Es geht los. Es wird gespielt. Jetzt ist es wichtig die Bedingungen des Diskurses zu kennen. Es gibt zwei Blickwinkel die sich anbieten: Der Blickwinkel des Experten. Oder aber der Blickwinkel des blutigen, aber interessierten Laien. Als Experte kann man sich über Aufstellungen auslassen oder den Schiedsrichter kritisieren, der irrtümlich Abseits gegeben hat. Da du aber kein Experte bist, bleibt dir nur der Blick des Laien, der unmittelbar, direkt und emotional am Geschehen beteiligt ist. Schaue dir diverse Ausrufe ab, wie „Uhh“, und „Ah“ oder „Du Trottel“. Setze diese gekonnt und der jeweiligen Situation entsprechend ein.
Auf gar keinen Fall solltest du die Ebene wechseln oder gar den Sprich niemals von Kamera-Fahrten, von Schnitten, von Zooms oder davon, dass sich durch die Veränderung und Erweiterung der Kamera-Möglichkeiten auch der Blick aufs Spiel an sich verändert hat. Alles würde irgendwie schneller und hektischer wirken. Vermeide es allzu steile Thesen aufzustellen, dass sich daran auch der Zeitgeist erkennen ließe und überhaupt Fußball niemals isoliert von Gesellschaft und den Produktionsbedingungen betrachtet werden sollte.

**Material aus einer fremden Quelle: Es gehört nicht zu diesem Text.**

lemma inv_set_rrefl_simple_root:
  assumes u: "u \<in> W" and \<delta>: "\<delta> \<in> \<Delta>" and "\<delta> \<notin> u ` N"
  shows "inv_set \<Phi> \<Delta> (rrefl \<delta> \<circ> u) = insert \<delta> (rrefl \<delta> ` inv_set \<Phi> \<Delta> u)"
    and "\<delta> \<notin> rrefl \<delta> ` inv_set \<Phi> \<Delta> u"
proof -
  have "\<delta> \<noteq> 0" "\<delta> \<in> P" "\<delta> \<in> \<Phi>"
    using \<delta> simple_roots_subset simple_roots_positive root_nonzero by auto
  have "- \<delta> \<in> u ` N"
    using weyl_group_image_negative_uminus u \<open>\<delta> \<in> \<Phi>\<close> \<open>\<delta> \<notin> u ` N\<close> by blast
  then have \<delta>_inv: "\<delta> \<in> inv_set \<Phi> \<Delta> (rrefl \<delta> \<circ> u)"
    using \<open>\<delta> \<in> P\<close> \<open>\<delta> \<noteq> 0\<close> by (simp add: inv_set_rrefl_comp_iff)
  have positive_iff: "\<beta> \<in> P \<longleftrightarrow> rrefl \<delta> \<beta> \<in> P" if "\<beta> \<noteq> \<delta>" and "rrefl \<delta> \<beta> \<in> u ` N" for \<beta>
  proof
    show "\<beta> \<in> P \<Longrightarrow> rrefl \<delta> \<beta> \<in> P"
      using rrefl_simple_root_positive[OF \<delta>] that(1) by blast
    have "rrefl \<delta> \<beta> \<noteq> \<delta>" using that(2) \<open>\<delta> \<notin> u ` N\<close> by metis
    then show "rrefl \<delta> \<beta> \<in> P \<Longrightarrow> \<beta> \<in> P"
      using rrefl_simple_root_positive[OF \<delta>, of "rrefl \<delta> \<beta>"] \<open>\<delta> \<noteq> 0\<close> by simp
  qed
  have "\<beta> \<in> inv_set \<Phi> \<Delta> (rrefl \<delta> \<circ> u) \<longleftrightarrow> \<beta> \<in> rrefl \<delta> ` inv_set \<Phi> \<Delta> u"
    if "\<beta> \<noteq> \<delta>" for \<beta>
  proof -
    have "\<beta> \<in> inv_set \<Phi> \<Delta> (rrefl \<delta> \<circ> u) \<longleftrightarrow> \<beta> \<in> P \<and> rrefl \<delta> \<beta> \<in> u ` N"
      by (rule inv_set_rrefl_comp_iff[OF \<open>\<delta> \<noteq> 0\<close>])
    also have "\<dots> \<longleftrightarrow> rrefl \<delta> \<beta> \<in> P \<and> rrefl \<delta> \<beta> \<in> u ` N"
      using positive_iff[OF that] by blast
    also have "\<dots> \<longleftrightarrow> \<beta> \<in> rrefl \<delta> ` inv_set \<Phi> \<Delta> u"
      by (simp add: inv_set_iff rrefl_mem_image_iff[OF \<open>\<delta> \<noteq> 0\<close>])
    finally show ?thesis .
  qed
  then show "inv_set \<Phi> \<Delta> (rrefl \<delta> \<circ> u) = insert \<delta> (rrefl \<delta> ` inv_set \<Phi> \<Delta> u)"
    using \<delta>_inv by (intro set_eqI) (metis insert_iff)
  have "- \<delta> \<notin> inv_set \<Phi> \<Delta> u"
    using \<open>\<delta> \<in> P\<close> positive_negative_disjoint negative_roots_iff by (auto simp: inv_set_iff)
  then show "\<delta> \<notin> rrefl \<delta> ` inv_set \<Phi> \<Delta> u"
    using rrefl_mem_image_iff[OF \<open>\<delta> \<noteq> 0\<close>] \<open>\<delta> \<noteq> 0\<close> by simp
qed

definition reduced_word :: "'a list \<Rightarrow> bool" where
  "reduced_word ds \<longleftrightarrow> set ds \<subseteq> \<Delta> \<and>
     (\<forall>es. set es \<subseteq> \<Delta> \<longrightarrow> rrefl_prod es = rrefl_prod ds \<longrightarrow> length ds \<le> length es)"

lemma reduced_word_Cons:
  assumes "reduced_word (\<delta> # ds)"
  shows "reduced_word ds" and "\<delta> \<notin> rrefl_prod ds ` N"
proof -
  have \<delta>: "\<delta> \<in> \<Delta>" and ds: "set ds \<subseteq> \<Delta>"
    using assms by (auto simp: reduced_word_def)
  have minimal: "length (\<delta> # ds) \<le> length es" if "set es \<subseteq> \<Delta>" "rrefl_prod es = rrefl_prod (\<delta> # ds)" for es
    using assms that by (auto simp: reduced_word_def)
  show "reduced_word ds"
    unfolding reduced_word_def
  proof (intro conjI allI impI ds)
    fix es assume "set es \<subseteq> \<Delta>" "rrefl_prod es = rrefl_prod ds"
    then show "length ds \<le> length es"
      using minimal[of "\<delta> # es"] \<delta> by simp
  qed
  show "\<delta> \<notin> rrefl_prod ds ` N"
  proof
    assume "\<delta> \<in> rrefl_prod ds ` N"
    then obtain es where "set es \<subseteq> set ds" "length es < length ds"
      "rrefl \<delta> \<circ> rrefl_prod ds = rrefl_prod es"
      using strong_exchange ds \<delta> simple_roots_positive by blast
    then show False
      using minimal[of es] ds by auto
  qed
qed

lemma card_inv_set_reduced_word:
  "reduced_word ds \<Longrightarrow> card (inv_set \<Phi> \<Delta> (rrefl_prod ds)) = length ds"
proof (induction ds)
  case Nil
  then show ?case by (simp only: rrefl_prod_Nil inv_set_id) simp
next
  case (Cons \<delta> ds)
  have \<delta>: "\<delta> \<in> \<Delta>" "\<delta> \<noteq> 0" and ds: "set ds \<subseteq> \<Delta>"
    using Cons.prems simple_roots_subset root_nonzero by (auto simp: reduced_word_def)
  have "rrefl_prod ds \<in> W"
    using rrefl_prod_weyl_group ds simple_roots_subset by blast
  note step = inv_set_rrefl_simple_root[OF this \<delta>(1) reduced_word_Cons(2)[OF Cons.prems]]
  have "card (rrefl \<delta> ` inv_set \<Phi> \<Delta> (rrefl_prod ds)) = card (inv_set \<Phi> \<Delta> (rrefl_prod ds))"
    using inj_rrefl[OF \<delta>(2)] by (simp add: card_image inj_on_subset)
  then show ?case
    unfolding rrefl_prod_Cons step(1)
    using step(2) finite_inv_set Cons.IH reduced_word_Cons(1)[OF Cons.prems] by simp
qed

lemma wlen_eq_card_inv_set:
  assumes "w \<in> W"
  shows "wlen \<Delta> w = card (inv_set \<Phi> \<Delta> w)"
proof -
  define Q where "Q n \<longleftrightarrow> (\<exists>ds. length ds = n \<and> set ds \<subseteq> \<Delta> \<and> w = rrefl_prod ds)" for n
  have wlen: "wlen \<Delta> w = (LEAST n. Q n)"
    by (simp add: wlen_def rrefl_prod_def Q_def)
  obtain ds0 where "set ds0 \<subseteq> \<Delta>" "w = rrefl_prod ds0"
    using weyl_group_word assms by blast
  then have "Q (length ds0)"
    unfolding Q_def by blast
  then have "Q (LEAST n. Q n)"
    by (rule LeastI)
  then obtain ds where ds: "length ds = wlen \<Delta> w" "set ds \<subseteq> \<Delta>" "w = rrefl_prod ds"
    unfolding Q_def wlen by blast
  have "reduced_word ds"
    unfolding reduced_word_def
  proof (intro conjI allI impI ds(2))
    fix es assume "set es \<subseteq> \<Delta>" "rrefl_prod es = rrefl_prod ds"
    then have "Q (length es)"
      unfolding Q_def using ds(3) by auto
    then show "length ds \<le> length es"
      unfolding ds(1) wlen by (rule Least_le)
  qed
  then show ?thesis
    using card_inv_set_reduced_word ds by simp
qed

lemma inner_positive_if_rrefl_not_positive:
  assumes \<alpha>: "\<alpha> \<in> P" and \<beta>: "\<beta> \<in> P" and "rrefl \<alpha> \<beta> \<notin> P"
  shows "\<beta> \<bullet> \<alpha> > 0"
proof (rule ccontr)
  assume "\<not> \<beta> \<bullet> \<alpha> > 0"
  then have "0 \<le> - (2 * (\<beta> \<bullet> \<alpha>) / (\<alpha> \<bullet> \<alpha>))"
    by (simp add: divide_nonpos_nonneg)
  then have "nonneg_comb (\<beta> + (- (2 * (\<beta> \<bullet> \<alpha>) / (\<alpha> \<bullet> \<alpha>))) *\<^sub>R \<alpha>)"
    using nonneg_comb_add nonneg_comb_scaleR positive_root_nonneg_comb \<alpha> \<beta> by blast
  moreover have "rrefl \<alpha> \<beta> \<in> \<Phi>"
    using \<alpha> \<beta> positive_roots_subset rrefl_root by blast
  ultimately have "rrefl \<alpha> \<beta> \<in> P"
    by (simp add: positive_roots_eq rrefl_def)
  then show False using \<open>rrefl \<alpha> \<beta> \<notin> P\<close> by contradiction
qed

lemma rrefl_inversion_in_image_negative:
  assumes w: "w \<in> W" and \<alpha>: "\<alpha> \<in> P" "\<alpha> \<notin> w ` N"
    and \<beta>: "\<beta> \<in> inv_set \<Phi> \<Delta> w" and not_pos: "rrefl \<alpha> \<beta> \<notin> P"
  shows "rrefl \<alpha> \<beta> \<in> w ` N"
proof -
  have "\<alpha> \<in> \<Phi>" "\<beta> \<in> P"
    using \<alpha> \<beta> positive_roots_subset by (auto simp: inv_set_iff)
  define k where "k = 2 * (\<beta> \<bullet> \<alpha>) / (\<alpha> \<bullet> \<alpha>)"
  have "k > 0"
    using inner_positive_if_rrefl_not_positive[OF \<alpha>(1) \<open>\<beta> \<in> P\<close> not_pos] \<open>\<alpha> \<in> \<Phi>\<close> root_nonzero
    by (simp add: k_def)
  obtain \<eta> where \<eta>: "\<eta> \<in> P" "\<alpha> = w \<eta>"
    using weyl_group_image_positive_negative[OF w \<open>\<alpha> \<in> \<Phi>\<close>] \<alpha>(2) by blast
  obtain \<gamma> where \<gamma>: "\<gamma> \<in> N" "\<beta> = w \<gamma>"
    using \<beta> by (auto simp: inv_set_iff)
  have "rrefl \<alpha> \<beta> = w (\<gamma> - k *\<^sub>R \<eta>)"
    using linear_diff[OF weyl_group_linear[OF w]] linear_scale[OF weyl_group_linear[OF w]] \<eta> \<gamma>
    by (simp add: rrefl_def k_def)
  moreover have "rrefl \<alpha> \<beta> \<in> \<Phi>"
    using \<open>\<alpha> \<in> \<Phi>\<close> \<open>\<beta> \<in> P\<close> positive_roots_subset rrefl_root by blast
  ultimately have "\<gamma> - k *\<^sub>R \<eta> \<in> \<Phi>"
    using weyl_group_image_roots[OF w] weyl_group_inj[OF w] by (metis imageE injD)
  moreover have "nonneg_comb (- (\<gamma> - k *\<^sub>R \<eta>))"
    using nonneg_comb_add[of "- \<gamma>" "k *\<^sub>R \<eta>"] nonneg_comb_scaleR \<open>k > 0\<close> \<eta>(1) \<gamma>(1)
      positive_root_nonneg_comb negative_roots_iff by simp
  ultimately have "\<gamma> - k *\<^sub>R \<eta> \<in> N"
    using negative_root_iff_nonneg_comb by blast
  then show ?thesis
    using \<open>rrefl \<alpha> \<beta> = w (\<gamma> - k *\<^sub>R \<eta>)\<close> by blast
qed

Zu viel denken macht traurig, wie schon der Literaturwissenschaftler George Steiner wusste. Aber nicht nur das: Auch einsam. Wer über Kamera-Perspektiven redet anstatt die richtigen Ausrufe zur richtigen Zeit zu tätigen ist bald auch noch einsam. Mit solchen Menschen will niemand anstoßen oder sich gar bei einem Sieg der „Richtigen“ verbrüdern.
Beachte diese einfachen Regeln und du wirst nach anfänglicher Skepsis Teil der fußballbegeisterten Masse sein. Achte vielleicht noch auf dein Outfit. Leger ist besser als zu gut angezogen. Fußball-Shirts besser als T-Shirts von Math-Rock-Bands.
Sodann: Viel Glück. Möge die Mission Fußballschauen gelingen. Jetzt liegt es an euch.